═══ Data provided ═══
lemma cmod_gaussian_sq: "(cmod (gaussian a x))\<^sup>2 = exp (-(a * x\<^sup>2))"
  by (simp add: gaussian_def power2_eq_square exp_add[symmetric])

lemma continuous_on_gaussian: "continuous_on UNIV (gaussian a)"
  unfolding gaussian_def by (intro continuous_intros) simp

lemma L2_gaussian:
  assumes "a > 0"
  shows "L2 (gaussian a)"
  unfolding L2_def cmod_gaussian_sq
  using integrable_exp_neg_sq_moment[OF assms, of 0] borel_measurable_continuous_onI[OF continuous_on_gaussian]
  by simp

lemma L2_x_gaussian:
  assumes "a > 0"
  shows "L2 (\<lambda>x. of_real x * gaussian a x)"
proof -
  have "continuous_on UNIV (\<lambda>x. of_real x * gaussian a x)"
    by (intro continuous_intros continuous_on_gaussian)
  then show ?thesis
    unfolding L2_def norm_mult power_mult_distrib cmod_gaussian_sq
    using integrable_exp_neg_sq_moment[OF assms, of 2]
    by (simp add: borel_measurable_continuous_onI mult.commute)
qed

lemma gaussian_has_vector_derivative:
  "(gaussian a has_vector_derivative - of_real (a * x) * gaussian a x) (at x)"
proof -
  have "((\<lambda>x. exp (-(a * x\<^sup>2) / 2)) has_real_derivative exp (-(a * x\<^sup>2) / 2) * -(a * x)) (at x)"
    by (auto intro!: derivative_eq_intros)
  from has_vector_derivative_of_real[OF this] show ?thesis
    unfolding gaussian_def by (simp add: mult.commute)
qed

lemma gaussian_nonzero: "\<not> ae_eq (gaussian a) (\<lambda>_. 0)"
  by (rule nowhere_zero_not_ae_eq_zero) (simp add: gaussian_def)

lemma eigenvalue_ray_and_not_bounded_op:
  assumes "cmod c = 1"
    and "\<And>s. s > 0 \<Longrightarrow> \<exists>a>0. T (gaussian a) (\<lambda>x. c * of_real s * gaussian a x)"
  shows "(\<forall>s>0. is_eigenvalue T (c * of_real s)) \<and> \<not> bounded_op T"
proof (intro conjI allI impI)
  show "is_eigenvalue T (c * of_real s)" if "s > 0" for s
    using assms(2)[OF that] gaussian_nonzero unfolding is_eigenvalue_def by blast
  show "\<not> bounded_op T"
  proof (rule not_bounded_op_if_eigenvalues_unbounded)
    fix C :: real
    have "\<bar>C\<bar> + 1 > 0"
      by simp
    then obtain a where "a > 0" "T (gaussian a) (\<lambda>x. c * of_real (\<bar>C\<bar> + 1) * gaussian a x)"
      using assms(2) by blast
    moreover have "C < cmod (c * of_real (\<bar>C\<bar> + 1))"
      using assms(1) by (simp add: norm_mult)
    ultimately show "\<exists>\<mu> f. C < cmod \<mu> \<and> L2_norm f > 0 \<and> T f (\<lambda>x. \<mu> * f x)"
      using L2_norm_pos[OF L2_gaussian gaussian_nonzero] by blast
  qed
qed
lemma Re_geometric_sum_ge:
  fixes z :: complex
  assumes small: "cmod z ^ 2 + cmod z \<le> 1"
  shows "- (cmod z + cmod z ^ Suc k) \<le> (1 + cmod z) * Re (\<Sum>j=1..k. z ^ j)"
proof (cases "k = 0")
  case True
  then show ?thesis by simp
next
  case False
  define r d x s where "r = cmod z" and "d = cmod (1 - z)" and "x = Re z" and "s = cmod z ^ Suc k"
  define S where "S = Re (\<Sum>j=1..k. z ^ j)"
  have "0 \<le> r" and "r \<le> 1" using small by (simp_all add: r_def) (smt (verit) zero_le_power2)
  with False have "s \<le> r ^ 2" unfolding s_def r_def by (intro power_decreasing) simp_all
  have "z \<noteq> 1" using small by auto
  then have "0 < d" by (simp add: d_def)
  have "d \<le> 1 + r" using norm_triangle_ineq4[of 1 z] by (simp add: d_def r_def)
  have "d ^ 2 = 1 - 2 * x + r ^ 2"
    unfolding d_def x_def r_def cmod_power2 by (simp add: power2_eq_square algebra_simps)
  with \<open>0 < d\<close> \<open>d \<le> 1 + r\<close> \<open>s \<le> r ^ 2\<close> small
  have "0 \<le> (1 + r) * (x - r ^ 2 - s * d) + (r + s) * d ^ 2"
    by (intro Re_geometric_sum_ge_core) (simp_all add: r_def)
  moreover have "(1 + r) * (x - r ^ 2 - s * d) \<le> (1 + r) * (d ^ 2 * S)"
    using Re_geometric_sum_lower_bound[of z k] \<open>0 \<le> r\<close>
    by (intro mult_left_mono) (simp_all add: r_def d_def x_def s_def S_def)
  ultimately have "0 \<le> d ^ 2 * ((1 + r) * S + (r + s))"
    by (simp add: algebra_simps)
  then have "0 \<le> (1 + r) * S + (r + s)"
    using \<open>0 < d\<close> by (simp add: zero_le_mult_iff)
  then show ?thesis by (simp add: r_def s_def S_def)
qed
lemma spine_block_edge_iff:
  assumes pc: "proper_caterpillar V E"
    and v: "v \<in> internal V E" and v': "v' \<in> internal V E"
    and u: "u \<in> spine_block V E v" and u': "u' \<in> spine_block V E v'"
  shows "{u, u'} \<in> E \<longleftrightarrow> (u = v \<and> u' = v' \<and> {v, v'} \<in> E) \<or> (v = v' \<and> (u = v) \<noteq> (u' = v))"
proof (cases "u = v"; cases "u' = v'")
  assume "u = v" "u' \<noteq> v'"
  with u' have "u' \<in> pendant_leaves V E v'" by (simp add: spine_block_def)
  moreover have "{u, u'} = {u', v}" using \<open>u = v\<close> by auto
  ultimately have "{u, u'} \<in> E \<longleftrightarrow> v = v'" by (simp add: pendant_leaf_edge_iff)
  then show ?thesis using \<open>u = v\<close> \<open>u' \<noteq> v'\<close> by auto
next
  assume "u \<noteq> v" "u' = v'"
  with u have "u \<in> pendant_leaves V E v" by (simp add: spine_block_def)
  then have "{u, u'} \<in> E \<longleftrightarrow> v = v'" using \<open>u' = v'\<close> by (auto simp: pendant_leaf_edge_iff)
  then show ?thesis using \<open>u \<noteq> v\<close> \<open>u' = v'\<close> by auto
next
  assume "u \<noteq> v" "u' \<noteq> v'"
  with u u' have leaves: "u \<in> pendant_leaves V E v" "u' \<in> pendant_leaves V E v'"
    by (simp_all add: spine_block_def)
  have "{u, u'} \<notin> E"
  proof
    assume "{u, u'} \<in> E"
    with leaves(1) have "u' = v" by (simp add: pendant_leaf_edge_iff)
    with leaves(2) show False using internal_notin_pendant_leaves[OF v] by simp
  qed
  moreover have "u' \<noteq> v" using leaves(2) internal_notin_pendant_leaves[OF v] by auto
  ultimately show ?thesis using \<open>u \<noteq> v\<close> by auto
qed auto

lemma consecutive_pairs_rev_subset:
  "{{rev xs ! i, rev xs ! Suc i} | i. Suc i < length xs} \<subseteq> {{xs ! i, xs ! Suc i} | i. Suc i < length xs}"
proof
  fix e assume "e \<in> {{rev xs ! i, rev xs ! Suc i} | i. Suc i < length xs}"
  then obtain i where i: "Suc i < length xs" and e: "e = {rev xs ! i, rev xs ! Suc i}" by blast
  define m where "m = length xs - Suc (Suc i)"
  have "Suc m < length xs" "length xs - Suc i = Suc m" "length xs - Suc (Suc i) = m"
    using i by (auto simp: m_def)
  with i e have "e = {xs ! m, xs ! Suc m}" "Suc m < length xs"
    by (simp_all add: rev_nth insert_commute)
  then show "e \<in> {{xs ! i, xs ! Suc i} | i. Suc i < length xs}" by blast
qed

lemma spine_listing_rev:
  assumes "spine_listing V E vs"
  shows "spine_listing V E (rev vs)"
proof -
  have "{{rev vs ! i, rev vs ! Suc i} | i. Suc i < length vs} = {{vs ! i, vs ! Suc i} | i. Suc i < length vs}"
    using consecutive_pairs_rev_subset[of vs] consecutive_pairs_rev_subset[of "rev vs"] by simp
  with assms show ?thesis unfolding spine_listing_def path_listing_def by simp
qed

lemma path_listing_edge_iff:
  assumes P: "path_listing I F vs" and i: "i < length vs" and j: "j < length vs"
  shows "{vs ! i, vs ! j} \<in> F \<longleftrightarrow> j = Suc i \<or> i = Suc j"
proof
  have d: "distinct vs" using P by (simp add: path_listing_def)
  assume "{vs ! i, vs ! j} \<in> F"
  then obtain m where m: "Suc m < length vs" "{vs ! i, vs ! j} = {vs ! m, vs ! Suc m}"
    using P by (auto simp: path_listing_def)
  then have "(i = m \<and> j = Suc m) \<or> (i = Suc m \<and> j = m)"
    using nth_eq_iff_index_eq[OF d] i j by (auto simp: doubleton_eq_iff)
  then show "j = Suc i \<or> i = Suc j" by auto
next
  assume "j = Suc i \<or> i = Suc j"
  then show "{vs ! i, vs ! j} \<in> F"
    using P i j unfolding path_listing_def by (auto simp: insert_commute)
qed

lemma spine_listing_edge_iff:
  assumes sp: "spine_listing V E vs" and i: "i < length vs" and j: "j < length vs"
  shows "{vs ! i, vs ! j} \<in> E \<longleftrightarrow> j = Suc i \<or> i = Suc j"
proof -
  have "{vs ! i, vs ! j} \<subseteq> internal V E"
    using spine_listingD(2)[OF sp] nth_mem[OF i] nth_mem[OF j] by blast
  then have "{vs ! i, vs ! j} \<in> E \<longleftrightarrow> {vs ! i, vs ! j} \<in> induced_edges E (internal V E)"
    by (simp add: induced_edges_def)
  also have "\<dots> \<longleftrightarrow> j = Suc i \<or> i = Suc j"
    using sp i j unfolding spine_listing_def by (rule path_listing_edge_iff)
  finally show ?thesis .
qed

lemma composition_of_rev: "composition_of V E (rev vs) = rev (composition_of V E vs)"
  by (simp add: composition_of_def rev_map)

lemma composition_of_nth:
  assumes "simple_graph V E" "spine_listing V E vs" "i < length vs"
  shows "composition_of V E vs ! i = card (spine_block V E (vs ! i))"
proof -
  have "vs ! i \<in> internal V E" using spine_listingD(2)[OF assms(2)] nth_mem[OF assms(3)] by blast
  then show ?thesis
    using assms(3) component_non_spine_edges[OF assms(1)] by (simp add: composition_of_def)
qed

lemma spine_blocks_cover_nth:
  assumes "proper_caterpillar V E" "spine_listing V E vs"
  shows "V = (\<Union>i<length vs. spine_block V E (vs ! i))"
proof -
  have nth_image: "(!) vs ` {..<length vs} = internal V E"
  proof -
    have "(!) vs ` {..<length vs} = set vs"
      using nth_image[of "length vs" vs] by (simp add: atLeast0LessThan)
    then show ?thesis using spine_listingD(2)[OF assms(2)] by simp
  qed
  have "(\<Union>i<length vs. spine_block V E (vs ! i)) = \<Union> (spine_block V E ` ((!) vs ` {..<length vs}))"
    by (simp add: image_image)
  also have "\<dots> = V" unfolding nth_image by (rule spine_blocks_cover[OF assms(1), symmetric])
  finally show ?thesis by (rule sym)
qed

lemma disjoint_family_on_spine_blocks:
  assumes "spine_listing V E vs"
  shows "disjoint_family_on (\<lambda>i. spine_block V E (vs ! i)) {..<length vs}"
  unfolding disjoint_family_on_def
proof (intro ballI impI)
  fix i j assume "i \<in> {..<length vs}" "j \<in> {..<length vs}" "i \<noteq> j"
  then have "vs ! i \<noteq> vs ! j" "vs ! i \<in> internal V E" "vs ! j \<in> internal V E"
    using nth_eq_iff_index_eq[OF spine_listingD(1)[OF assms]] spine_listingD(2)[OF assms] nth_mem
    by auto
  then show "spine_block V E (vs ! i) \<inter> spine_block V E (vs ! j) = {}"
    using spine_blocks_disjoint[of "vs ! i" V E "vs ! j"] by blast
qed

lemma spine_listing_block_edge_iff:
  assumes pc: "proper_caterpillar V E" and sp: "spine_listing V E vs"
    and i: "i < length vs" and j: "j < length vs"
    and u: "u \<in> spine_block V E (vs ! i)" and u': "u' \<in> spine_block V E (vs ! j)"
  shows "{u, u'} \<in> E \<longleftrightarrow>
    (u = vs ! i \<and> u' = vs ! j \<and> (j = Suc i \<or> i = Suc j)) \<or> (i = j \<and> (u = vs ! i) \<noteq> (u' = vs ! j))"
proof -
  have "vs ! i \<in> internal V E" "vs ! j \<in> internal V E"
    using spine_listingD(2)[OF sp] nth_mem[OF i] nth_mem[OF j] by auto
  moreover have "vs ! i = vs ! j \<longleftrightarrow> i = j"
    using nth_eq_iff_index_eq[OF spine_listingD(1)[OF sp] i j] .
  ultimately show ?thesis
    using spine_block_edge_iff[OF pc _ _ u u'] spine_listing_edge_iff[OF sp i j] by auto
qed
═══
## [Work task]
With the first line being the one containing "by (simp add: gaussian_def" and the last line the one containing "UNIV (\<lambda>x. of_real", transcribe exactly the lines above that fall in that range.

## [Solution for this exercise]
  by (simp add: gaussian_def power2_eq_square exp_add[symmetric])

lemma continuous_on_gaussian: "continuous_on UNIV (gaussian a)"
  unfolding gaussian_def by (intro continuous_intros) simp

lemma L2_gaussian:
  assumes "a > 0"
  shows "L2 (gaussian a)"
  unfolding L2_def cmod_gaussian_sq
  using integrable_exp_neg_sq_moment[OF assms, of 0] borel_measurable_continuous_onI[OF continuous_on_gaussian]
  by simp

lemma L2_x_gaussian:
  assumes "a > 0"
  shows "L2 (\<lambda>x. of_real x * gaussian a x)"
proof -
  have "continuous_on UNIV (\<lambda>x. of_real x * gaussian a x)"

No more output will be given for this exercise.